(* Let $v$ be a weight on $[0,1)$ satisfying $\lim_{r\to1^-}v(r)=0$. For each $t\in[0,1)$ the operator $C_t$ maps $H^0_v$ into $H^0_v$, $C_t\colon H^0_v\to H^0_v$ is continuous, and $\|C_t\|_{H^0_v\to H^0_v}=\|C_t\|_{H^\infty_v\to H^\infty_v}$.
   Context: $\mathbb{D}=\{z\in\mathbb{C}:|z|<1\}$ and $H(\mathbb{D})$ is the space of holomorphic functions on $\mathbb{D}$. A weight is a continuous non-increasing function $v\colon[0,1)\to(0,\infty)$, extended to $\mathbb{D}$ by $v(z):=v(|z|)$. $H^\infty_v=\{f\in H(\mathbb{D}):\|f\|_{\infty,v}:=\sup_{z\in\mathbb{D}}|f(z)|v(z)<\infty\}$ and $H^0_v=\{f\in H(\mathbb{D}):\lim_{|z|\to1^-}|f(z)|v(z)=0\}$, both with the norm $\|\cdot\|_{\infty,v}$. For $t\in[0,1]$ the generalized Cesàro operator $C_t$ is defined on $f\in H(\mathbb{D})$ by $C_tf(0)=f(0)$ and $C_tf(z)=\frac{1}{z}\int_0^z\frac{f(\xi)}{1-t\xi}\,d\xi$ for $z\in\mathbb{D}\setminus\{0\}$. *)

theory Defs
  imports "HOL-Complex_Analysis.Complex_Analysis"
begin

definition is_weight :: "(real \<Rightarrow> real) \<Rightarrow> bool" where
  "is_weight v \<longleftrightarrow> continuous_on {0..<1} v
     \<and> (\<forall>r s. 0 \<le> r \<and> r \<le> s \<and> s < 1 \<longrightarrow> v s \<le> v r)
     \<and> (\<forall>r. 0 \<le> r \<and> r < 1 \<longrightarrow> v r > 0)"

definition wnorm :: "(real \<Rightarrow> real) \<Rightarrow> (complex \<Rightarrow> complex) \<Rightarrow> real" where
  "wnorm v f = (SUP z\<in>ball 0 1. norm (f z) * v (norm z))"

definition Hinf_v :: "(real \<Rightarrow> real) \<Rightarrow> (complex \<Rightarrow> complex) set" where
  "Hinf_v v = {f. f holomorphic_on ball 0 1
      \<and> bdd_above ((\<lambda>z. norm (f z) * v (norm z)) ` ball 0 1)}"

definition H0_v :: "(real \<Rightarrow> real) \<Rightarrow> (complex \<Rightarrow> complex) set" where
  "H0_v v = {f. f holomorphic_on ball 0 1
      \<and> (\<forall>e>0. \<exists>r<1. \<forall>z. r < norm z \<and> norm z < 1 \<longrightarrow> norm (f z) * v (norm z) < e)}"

+---+

PROBLEM TO SOLVE
Return every line of the preceding records in which the word "ball" appears.

ANSWER TO THIS EXERCISE
  "wnorm v f = (SUP z\<in>ball 0 1. norm (f z) * v (norm z))"
  "Hinf_v v = {f. f holomorphic_on ball 0 1
      \<and> bdd_above ((\<lambda>z. norm (f z) * v (norm z)) ` ball 0 1)}"
  "H0_v v = {f. f holomorphic_on ball 0 1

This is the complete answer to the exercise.